* WHAT IS NEEDED: Output the records exactly, every one of them.

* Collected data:
+ + +

theorem corollary1:
  fixes A :: "real^'n^'n" and C1 :: "real^'n^'l"
    and Q :: "nat \<Rightarrow> real^'n^'n" and R1 :: "nat \<Rightarrow> real^'l^'l" and P0 :: "real^'n^'n"
    and M :: "'w measure"
    and Xi :: "nat \<Rightarrow> 'w \<Rightarrow> 'b::finite" and gam :: "nat \<Rightarrow> 'w \<Rightarrow> bool"
    and p :: "'b \<Rightarrow> 'b \<Rightarrow> real" and phi :: "'b \<Rightarrow> real"
  assumes P0_cov: "sym_psd P0"
    and Q_cov: "\<And>k. sym_psd (Q k)" and Q_bdd: "\<exists>q. \<forall>k. spec_norm (Q k) \<le> q"
    and R_cov: "\<And>k. sym_pd (R1 k)" and R_bdd: "\<exists>r. \<forall>k. spec_norm (R1 k) \<le> r"
    and C1_rank: "rank C1 = CARD('n)"
    and M_prob: "prob_space M"
    and Xi_meas: "\<And>k. Xi k \<in> measurable M (count_space UNIV)"
    and gam_meas: "\<And>k. gam k \<in> measurable M (count_space UNIV)"
    and p_nonneg: "\<And>i j. 0 \<le> p i j" and p_stoch: "\<And>i. (\<Sum>j\<in>UNIV. p i j) = 1"
    and phi_prob: "\<And>j. 0 \<le> phi j \<and> phi j \<le> 1"
    and joint_law: "\<And>n (s :: nat \<Rightarrow> 'b) (g :: nat \<Rightarrow> bool).
          measure M {\<omega> \<in> space M. \<forall>t\<le>n. Xi t \<omega> = s t \<and> gam t \<omega> = g t}
          = measure M {\<omega> \<in> space M. Xi 0 \<omega> = s 0}
            * (\<Prod>t<n. p (s t) (s (Suc t)))
            * (\<Prod>t\<le>n. if g t then phi (s t) else 1 - phi (s t))"
    and cond: "\<exists>\<rho>. 0 \<le> \<rho> \<and> \<rho> < 1 \<and>
          (\<forall>i. (spec_norm A)^2 * (\<Sum>j\<in>UNIV. p i j * (1 - phi j)) \<le> \<rho>)"
  shows "\<exists>\<alpha> \<beta> \<rho>'. 0 \<le> \<rho>' \<and> \<rho>' < 1 \<and>
          (\<forall>k. integral\<^sup>L M (\<lambda>\<omega>. trace (Ppred A C1 Q R1 P0 (\<lambda>t. gam t \<omega>) k))
                 \<le> \<alpha> * \<rho>'^k + \<beta>)"
proof -
  interpret network_model M Xi gam p phi
    using M_prob Xi_meas gam_meas p_nonneg p_stoch phi_prob joint_law
    by (simp add: network_model_def network_model_axioms_def)
  obtain q r where q: "\<And>k. spec_norm (Q k) \<le> q" and r: "\<And>k. spec_norm (R1 k) \<le> r"
    using Q_bdd R_bdd by blast
  obtain L where L: "L ** C1 = mat 1"
    using C1_rank full_rank_injective matrix_left_invertible_injective by blast
  obtain \<rho>0 where "\<rho>0 < 1"
    and contraction: "\<And>i. (spec_norm A)^2 * (\<Sum>j\<in>UNIV. p i j * (1 - phi j)) \<le> \<rho>0"
    using cond by blast
  define \<rho> where "\<rho> = max \<rho>0 (1/2)"
  have "\<rho> < 1" "1/2 \<le> \<rho>" "\<And>i. (spec_norm A)^2 * (\<Sum>j\<in>UNIV. p i j * (1 - phi j)) \<le> \<rho>"
    using \<open>\<rho>0 < 1\<close> contraction by (auto simp: \<rho>_def le_max_iff_disj)
  note bound =
    expected_trace_Ppred_le[where Q = Q and R = R1, OF P0_cov Q_cov q R_cov r L this(3,2,1)]
  show ?thesis
    using \<open>\<rho> < 1\<close> \<open>1/2 \<le> \<rho>\<close> bound
    by (intro exI[of _ "CARD('n) * (1 + 2 * (spec_norm A)^2) * spec_norm P0"] exI[of _ \<rho>]
        exI[of _ "CARD('n) * ((spec_norm A)^2 * (r * spec_norm L ^ 2) + q) / (1 - \<rho>)"])
       (auto simp: algebra_simps)
qed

+ + +

* TASK ANSWER:
theorem corollary1:
  fixes A :: "real^'n^'n" and C1 :: "real^'n^'l"
    and Q :: "nat \<Rightarrow> real^'n^'n" and R1 :: "nat \<Rightarrow> real^'l^'l" and P0 :: "real^'n^'n"
    and M :: "'w measure"
    and Xi :: "nat \<Rightarrow> 'w \<Rightarrow> 'b::finite" and gam :: "nat \<Rightarrow> 'w \<Rightarrow> bool"
    and p :: "'b \<Rightarrow> 'b \<Rightarrow> real" and phi :: "'b \<Rightarrow> real"
  assumes P0_cov: "sym_psd P0"
    and Q_cov: "\<And>k. sym_psd (Q k)" and Q_bdd: "\<exists>q. \<forall>k. spec_norm (Q k) \<le> q"
    and R_cov: "\<And>k. sym_pd (R1 k)" and R_bdd: "\<exists>r. \<forall>k. spec_norm (R1 k) \<le> r"
    and C1_rank: "rank C1 = CARD('n)"
    and M_prob: "prob_space M"
    and Xi_meas: "\<And>k. Xi k \<in> measurable M (count_space UNIV)"
    and gam_meas: "\<And>k. gam k \<in> measurable M (count_space UNIV)"
    and p_nonneg: "\<And>i j. 0 \<le> p i j" and p_stoch: "\<And>i. (\<Sum>j\<in>UNIV. p i j) = 1"
    and phi_prob: "\<And>j. 0 \<le> phi j \<and> phi j \<le> 1"
    and joint_law: "\<And>n (s :: nat \<Rightarrow> 'b) (g :: nat \<Rightarrow> bool).
          measure M {\<omega> \<in> space M. \<forall>t\<le>n. Xi t \<omega> = s t \<and> gam t \<omega> = g t}
          = measure M {\<omega> \<in> space M. Xi 0 \<omega> = s 0}
            * (\<Prod>t<n. p (s t) (s (Suc t)))
            * (\<Prod>t\<le>n. if g t then phi (s t) else 1 - phi (s t))"
    and cond: "\<exists>\<rho>. 0 \<le> \<rho> \<and> \<rho> < 1 \<and>
          (\<forall>i. (spec_norm A)^2 * (\<Sum>j\<in>UNIV. p i j * (1 - phi j)) \<le> \<rho>)"
  shows "\<exists>\<alpha> \<beta> \<rho>'. 0 \<le> \<rho>' \<and> \<rho>' < 1 \<and>
          (\<forall>k. integral\<^sup>L M (\<lambda>\<omega>. trace (Ppred A C1 Q R1 P0 (\<lambda>t. gam t \<omega>) k))
                 \<le> \<alpha> * \<rho>'^k + \<beta>)"
proof -
  interpret network_model M Xi gam p phi
    using M_prob Xi_meas gam_meas p_nonneg p_stoch phi_prob joint_law
    by (simp add: network_model_def network_model_axioms_def)
  obtain q r where q: "\<And>k. spec_norm (Q k) \<le> q" and r: "\<And>k. spec_norm (R1 k) \<le> r"
    using Q_bdd R_bdd by blast
  obtain L where L: "L ** C1 = mat 1"
    using C1_rank full_rank_injective matrix_left_invertible_injective by blast
  obtain \<rho>0 where "\<rho>0 < 1"
    and contraction: "\<And>i. (spec_norm A)^2 * (\<Sum>j\<in>UNIV. p i j * (1 - phi j)) \<le> \<rho>0"
    using cond by blast
  define \<rho> where "\<rho> = max \<rho>0 (1/2)"
  have "\<rho> < 1" "1/2 \<le> \<rho>" "\<And>i. (spec_norm A)^2 * (\<Sum>j\<in>UNIV. p i j * (1 - phi j)) \<le> \<rho>"
    using \<open>\<rho>0 < 1\<close> contraction by (auto simp: \<rho>_def le_max_iff_disj)
  note bound =
    expected_trace_Ppred_le[where Q = Q and R = R1, OF P0_cov Q_cov q R_cov r L this(3,2,1)]
  show ?thesis
    using \<open>\<rho> < 1\<close> \<open>1/2 \<le> \<rho>\<close> bound
    by (intro exI[of _ "CARD('n) * (1 + 2 * (spec_norm A)^2) * spec_norm P0"] exI[of _ \<rho>]
        exI[of _ "CARD('n) * ((spec_norm A)^2 * (r * spec_norm L ^ 2) + q) / (1 - \<rho>)"])
       (auto simp: algebra_simps)
qed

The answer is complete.